The setting of the ritual also remythologizes the figures of Adam and Eve. In the mid-nineteenth-century forms of the ritual, each male actually acted out parts of the Adam role, and females acted out parts of the Eve role, thus experiencing the creation, fall, and mortal life. Ritual lampooning of non-LDS religious communities, part of the ceremonies from the very start (and apparently surprisingly raucous in the nineteenth century), together with a stylized representation of God’s response to sectarian confusion by revelation and apostolic messengers, carried the ritual Adam and Eve into situations that could not be seen as historical. Clearly, the Adam and Eve of the endowment were intended as mythic personages in the strictest sense: in representing Everyman and Everywoman’s search for religious truth and authority, they symbolically mediate the meaning and value—indeed, the truth—that Joseph’s theology of revelation, priesthood order and authority, and exaltation to Godhood attempted to phrase propositionally.

A preliminary analysis I have conducted of the texts of the various exposes—subjecting them to a rigorous scrutiny designed to sort out obvious mis-remembrances, confusions, or outright lies—reveals that in large part the text of Moses 3-4 lies behind much of the dialogue found here, while the plurality of gods concept of the book of Abraham seems to inform much of the dramatic presentation of the creation proper.
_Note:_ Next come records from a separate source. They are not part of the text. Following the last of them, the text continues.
lemma up_crossings_eq_0: "n \<le> prev \<Longrightarrow> \<forall>x\<in>set xs. n \<le> x \<Longrightarrow> up_crossings n prev xs = 0"
  by (induction xs arbitrary: prev) auto

fun level_size :: "nat \<Rightarrow> tree \<Rightarrow> nat" where
  "level_size 0 t = 1"
| "level_size (Suc n) (Node ts) = (\<Sum>s\<leftarrow>ts. level_size n s)"

lemma up_crossings_contour:
  "up_crossings (int n) (int m - 1) (contour m t) = (if n < m then 0 else level_size (n - m) t)"
proof (induction m t arbitrary: n rule: contour.induct)
  case (1 m ts)
  let ?tail = "concat (map (\<lambda>s. contour (Suc m) s @ [int m]) ts)"
  show ?case
  proof (cases "n \<le> m")
    case True
    have "int m \<le> x" if "x \<in> set ?tail" for x
    proof -
      from that have "x = int m \<or> (\<exists>s\<in>set ts. x \<in> set (contour (Suc m) s))"
        by (auto split: if_splits)
      then show ?thesis using contour_ge[of x "Suc m"] by force
    qed
    then have "\<forall>x\<in>set ?tail. int n \<le> x" using True by force
    then show ?thesis using True by (auto simp: up_crossings_eq_0)
  next
    case False
    have "up_crossings (int n) (int m) (concat (map (\<lambda>s. contour (Suc m) s @ [int m]) ss)) =
          (\<Sum>s\<leftarrow>ss. level_size (n - Suc m) s)" if "set ss \<subseteq> set ts" for ss
      using that
    proof (induction ss)
      case (Cons s ss)
      then show ?case
        using "1.IH"[of s n] False by (auto simp: up_crossings_append)
    qed simp
    moreover have "n - m = Suc (n - Suc m)" using False by simp
    ultimately show ?thesis using False by simp
  qed
qed

lemma kappa_scat_path: "kappa (scat_path t) = (\<lambda>n. level_size n t)"
proof
  fix n
  have "kappa (scat_path t) n = up_crossings (int n) (-1) (contour 0 t @ [-1])"
    by (simp add: kappa_eq_up_crossings scat_path_def)
  also have "\<dots> = level_size n t" using up_crossings_contour[of n 0 t] by (simp add: up_crossings_append)
  finally show "kappa (scat_path t) n = level_size n t" .
qed

section \<open>The weight factors over the nodes\<close>

definition turn_weight :: "(nat \<Rightarrow> real) \<Rightarrow> int \<Rightarrow> int \<Rightarrow> int \<Rightarrow> real" where
  "turn_weight R a m c =
     (if a = m - 1 \<and> c = m - 1 then R (nat m)
      else if a = m + 1 \<and> c = m + 1 then - R (nat m) else sqrt (1 - (R (nat m))\<^sup>2))"

fun interior_weight :: "(nat \<Rightarrow> real) \<Rightarrow> int \<Rightarrow> int list \<Rightarrow> int \<Rightarrow> real" where
  "interior_weight R a [] c = 1"
| "interior_weight R a (x # xs) c = turn_weight R a x (hd (xs @ [c])) * interior_weight R x xs c"

lemma interior_weight_append:
  "interior_weight R a (xs @ ys) c =
   interior_weight R a xs (hd (ys @ [c])) * interior_weight R (last (a # xs)) ys c"
proof (induction xs arbitrary: a)
  case (Cons x xs)
  have "hd (xs @ ys @ [c]) = hd (xs @ [hd (ys @ [c])])" by (cases xs) auto
  then show ?case using Cons by simp
qed simp

lemma weight_eq_interior_weight: "weight R (a # xs @ [c]) = interior_weight R a xs c"
proof (induction xs arbitrary: a)
  case Nil
  then show ?case by (simp add: weight_def)
next
  case (Cons x xs)
  let ?w = "step_weight R"
  have turn: "\<And>p j. ?w p j = turn_weight R (p ! (j - 1)) (p ! j) (p ! Suc j)"
    by (simp add: step_weight_def turn_weight_def Let_def)
  have "weight R (a # (x # xs) @ [c]) = (\<Prod>j\<in>{1..<length xs + 2}. ?w (a # x # xs @ [c]) j)"
    by (simp add: weight_def)
  also have "\<dots> = ?w (a # x # xs @ [c]) 1 *
      (\<Prod>j\<in>{Suc 1..<Suc (length xs + 1)}. ?w (a # x # xs @ [c]) j)"
    by (subst prod.atLeast_Suc_lessThan) auto
  also have "(\<Prod>j\<in>{Suc 1..<Suc (length xs + 1)}. ?w (a # x # xs @ [c]) j) =
       (\<Prod>j\<in>{1..<length xs + 1}. ?w (x # xs @ [c]) j)"
    unfolding prod.shift_bounds_Suc_ivl by (rule prod.cong) (auto simp: turn)
  also have "\<dots> = interior_weight R x xs c"
    using Cons.IH by (simp add: weight_def)
  finally show ?case
    by (simp add: turn nth_append) (cases xs; simp)
qed

definition geom_weight :: "real \<Rightarrow> real \<Rightarrow> real \<Rightarrow> nat \<Rightarrow> real" where
  "geom_weight P V Q r = (if r = 0 then P else Q * V ^ (r - 1))"

definition node_weight :: "(nat \<Rightarrow> real) \<Rightarrow> nat \<Rightarrow> nat \<Rightarrow> real" where
  "node_weight R d = geom_weight (R d) (- R d) ((sqrt (1 - (R d)\<^sup>2))\<^sup>2)"

fun tree_weight :: "(nat \<Rightarrow> real) \<Rightarrow> nat \<Rightarrow> tree \<Rightarrow> real" where
  "tree_weight R d (Node ts) = node_weight R d (length ts) * (\<Prod>s\<leftarrow>ts. tree_weight R (Suc d) s)"

lemma interior_weight_children:
  assumes "ts \<noteq> []"
    and "\<forall>s\<in>set ts. interior_weight R (int d) (contour (Suc d) s) (int d) = tree_weight R (Suc d) s"
  shows "interior_weight R (int d) (concat (map (\<lambda>s. contour (Suc d) s @ [int d]) ts)) (int d - 1) =
     (\<Prod>s\<leftarrow>ts. tree_weight R (Suc d) s) * (- R d) ^ (length ts - 1) * sqrt (1 - (R d)\<^sup>2)"
  using assms
proof (induction ts)
  case (Cons s ss)
  let ?rest = "concat (map (\<lambda>s. contour (Suc d) s @ [int d]) ss)"
  have s: "interior_weight R (int d) (contour (Suc d) s) (int d) = tree_weight R (Suc d) s"
    using Cons.prems by simp
  have split: "concat (map (\<lambda>s. contour (Suc d) s @ [int d]) (s # ss)) = contour (Suc d) s @ int d # ?rest"
    by simp
  show ?case
  proof (cases ss)
    case Nil
    then show ?thesis unfolding split interior_weight_append using s by (simp add: turn_weight_def)
  next
    case (Cons s' ss')
    then have "hd (?rest @ [int d - 1]) = int d + 1" by simp
    then show ?thesis
      unfolding split interior_weight_append using s Cons.IH Cons.prems Cons
      by (simp add: turn_weight_def)
  qed
qed simp

lemma interior_weight_contour:
  "interior_weight R (int d - 1) (contour d t) (int d - 1) = tree_weight R d t"
proof (induction d t rule: contour.induct)
  case (1 d ts)
  show ?case
  proof (cases ts)
    case Nil
    then show ?thesis by (simp add: turn_weight_def node_weight_def geom_weight_def)
  next
    case (Cons s ss)
    let ?tail = "concat (map (\<lambda>s. contour (Suc d) s @ [int d]) ts)"
    have "hd (?tail @ [int d - 1]) = int d + 1" using Cons by simp
    then have "interior_weight R (int d - 1) (contour d (Node ts)) (int d - 1) =
        sqrt (1 - (R d)\<^sup>2) * interior_weight R (int d) ?tail (int d - 1)"
      by (simp add: turn_weight_def)
    also have "\<dots> = tree_weight R d (Node ts)"
      using interior_weight_children[of ts R d] 1 Cons
      by (simp add: node_weight_def geom_weight_def power2_eq_square)
    finally show ?thesis .
  qed
qed

lemma weight_scat_path: "weight R (scat_path t) = tree_weight R 0 t"
  using interior_weight_contour[of R 0 t] by (simp add: scat_path_def weight_eq_interior_weight)

section \<open>Summing over forests level by level\<close>

definition weak_compositions :: "nat \<Rightarrow> nat \<Rightarrow> nat list set" where
  "weak_compositions a c = {cs. length cs = a \<and> sum_list cs = c}"

lemma finite_weak_compositions: "finite (weak_compositions a c)"
proof (rule finite_subset)
  show "weak_compositions a c \<subseteq> {xs. set xs \<subseteq> {..c} \<and> length xs = a}"
    by (auto simp: weak_compositions_def member_le_sum_list)
qed (simp add: finite_lists_length_eq)

lemma weak_compositions_0: "weak_compositions 0 c = (if c = 0 then {[]} else {})"
  by (auto simp: weak_compositions_def)

lemma weak_compositions_Suc:
  "weak_compositions (Suc a) c = (\<lambda>(s, cs). s # cs) ` (SIGMA s:{..c}. weak_compositions a (c - s))"
proof (rule set_eqI)
  fix xs
  show "xs \<in> weak_compositions (Suc a) c \<longleftrightarrow>
        xs \<in> (\<lambda>(s, cs). s # cs) ` (SIGMA s:{..c}. weak_compositions a (c - s))"
    by (cases xs) (auto simp: weak_compositions_def image_iff)
qed

fun conv_power :: "(nat \<Rightarrow> real) \<Rightarrow> nat \<Rightarrow> nat \<Rightarrow> real" where
  "conv_power f 0 c = (if c = 0 then 1 else 0)"
| "conv_power f (Suc a) c = (\<Sum>s\<le>c. f s * conv_power f a (c - s))"

lemma sum_weak_compositions_prod: "(\<Sum>cs\<in>weak_compositions a c. \<Prod>s\<leftarrow>cs. f s) = conv_power f a c"
proof (induction a arbitrary: c)
  case 0
  then show ?case by (simp add: weak_compositions_0)
next
  case (Suc a)
  have inj: "inj_on (\<lambda>(s, cs). s # cs) (SIGMA s:{..c}. weak_compositions a (c - s))"
    by (auto simp: inj_on_def)
  have "(\<Sum>cs\<in>weak_compositions (Suc a) c. \<Prod>s\<leftarrow>cs. f s) =
      (\<Sum>(s, cs)\<in>(SIGMA s:{..c}. weak_compositions a (c - s)). f s * (\<Prod>s\<leftarrow>cs. f s))"
    unfolding weak_compositions_Suc sum.reindex[OF inj] by (rule sum.cong) auto
  also have "\<dots> = (\<Sum>s\<le>c. \<Sum>cs\<in>weak_compositions a (c - s). f s * (\<Prod>s\<leftarrow>cs. f s))"
    by (rule sum.Sigma[symmetric]) (auto simp: finite_weak_compositions)
  also have "\<dots> = conv_power f (Suc a) c"
    by (simp add: sum_distrib_left[symmetric] Suc.IH)
  finally show ?case .
qed

definition forest_level_size :: "nat \<Rightarrow> tree list \<Rightarrow> nat" where
  "forest_level_size n ts = (\<Sum>t\<leftarrow>ts. level_size n t)"

definition forests :: "nat \<Rightarrow> (nat \<Rightarrow> nat) \<Rightarrow> tree list set" where
  "forests h k = {ts. (\<forall>t\<in>set ts. height_below t h) \<and> (\<forall>n. forest_level_size n ts = k n)}"

definition strip_roots :: "tree list \<Rightarrow> nat list \<times> tree list" where
  "strip_roots ts = (map (\<lambda>t. length (children t)) ts, concat (map children ts))"

fun regraft :: "nat list \<Rightarrow> tree list \<Rightarrow> tree list" where
  "regraft [] ts = []"
| "regraft (c # cs) ts = Node (take c ts) # regraft cs (drop c ts)"

lemma regraft_strip_roots: "regraft (fst (strip_roots ts)) (snd (strip_roots ts)) = ts"
proof (induction ts)
  case (Cons t ts)
  then show ?case by (cases t) (simp add: strip_roots_def)
qed (simp add: strip_roots_def)

lemma inj_strip_roots: "inj strip_roots"
  by (metis injI regraft_strip_roots)

lemma strip_roots_regraft: "sum_list cs = length ts \<Longrightarrow> strip_roots (regraft cs ts) = (cs, ts)"
proof (induction cs arbitrary: ts)
  case (Cons c cs)
  then show ?case by (simp add: strip_roots_def min_def)
qed (simp add: strip_roots_def)

lemma sum_fst_strip_roots: "sum_list (fst (strip_roots ts)) = length (snd (strip_roots ts))"
  by (induction ts) (auto simp: strip_roots_def)

lemma length_fst_strip_roots: "length (fst (strip_roots ts)) = length ts"
  by (simp add: strip_roots_def)

lemma forest_level_size_0: "forest_level_size 0 ts = length ts"
  by (induction ts) (auto simp: forest_level_size_def)

lemma forest_level_size_Suc: "forest_level_size (Suc n) ts = forest_level_size n (snd (strip_roots ts))"
proof (induction ts)
  case (Cons t ts)
  then show ?case by (cases t) (simp add: forest_level_size_def strip_roots_def)
qed (simp add: forest_level_size_def strip_roots_def)

lemma height_below_strip_roots:
  "(\<forall>t\<in>set ts. height_below t (Suc h)) \<longleftrightarrow> (\<forall>t\<in>set (snd (strip_roots ts)). height_below t h)"
proof (induction ts)
  case (Cons t ts)
  then show ?case by (cases t) (auto simp: strip_roots_def)
qed (simp add: strip_roots_def)

lemma prod_tree_weight_strip_roots:
  "(\<Prod>t\<leftarrow>ts. tree_weight R d t) =
   (\<Prod>r\<leftarrow>fst (strip_roots ts). node_weight R d r) * (\<Prod>t\<leftarrow>snd (strip_roots ts). tree_weight R (Suc d) t)"
proof (induction ts)
  case (Cons t ts)
  then show ?case by (cases t) (simp add: strip_roots_def)
qed (simp add: strip_roots_def)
Just as several alterations are made in Moses and Abraham to update and regularize the stories to nineteenth-century ways of thinking, so also specific textual dislocations, emendations, and variants in the temple allegory seem to remedy or resolve further difficulties. The serpent becomes a demonic temptor played by a man in the drama, who is questioned explicitly about this role; the naming of Eve now joins the animal parade of the book of Abraham, along with other relocated verses aimed at clarifying hard-to-understand texts; and Moses 4:21 and 28 receive slight textual emendations that heighten par­ticular theological tendencies therein. While many changes may postdate Joseph Smith, their appearance implies that later LDS leaders have followed his footsteps in adapting and reworking sacred scripture into new sacred scripture.

The Adam-God Doctrine

The final stage in the nineteenth-century development of these stories took place in the Utah period when some leading hierarchs taught the Adam-God doctrine. The Adam-God knot originally appears to have come from the book of Abraham creation narrative and the endowment creation drama. A basic problem implied by the description in Abraham of premortally existent “Gods” creating the earth, who were later to become mortal and live upon their handiwork the earth, was this: In what way precisely is it proper to call these “noble and great ones” (Abr. 3: 22) “Gods”? The Abraham text provides a minimal response to this question: since these premortally existent intelligences or spirits create the world under the direction of “God” and “one . . . like unto God” (Abr. 3:23-24), they can rightly be called creators or “Gods.” But despite this, the question is complicated by the fact that in the temple rituals, the “Gods” creating the world are in part personally identified. As L. John Nuttall recorded, Brigham Young summarized this part of the ritual, “this earth was organized by Elohim.Jehovah & Michael who is Adam our common Father.”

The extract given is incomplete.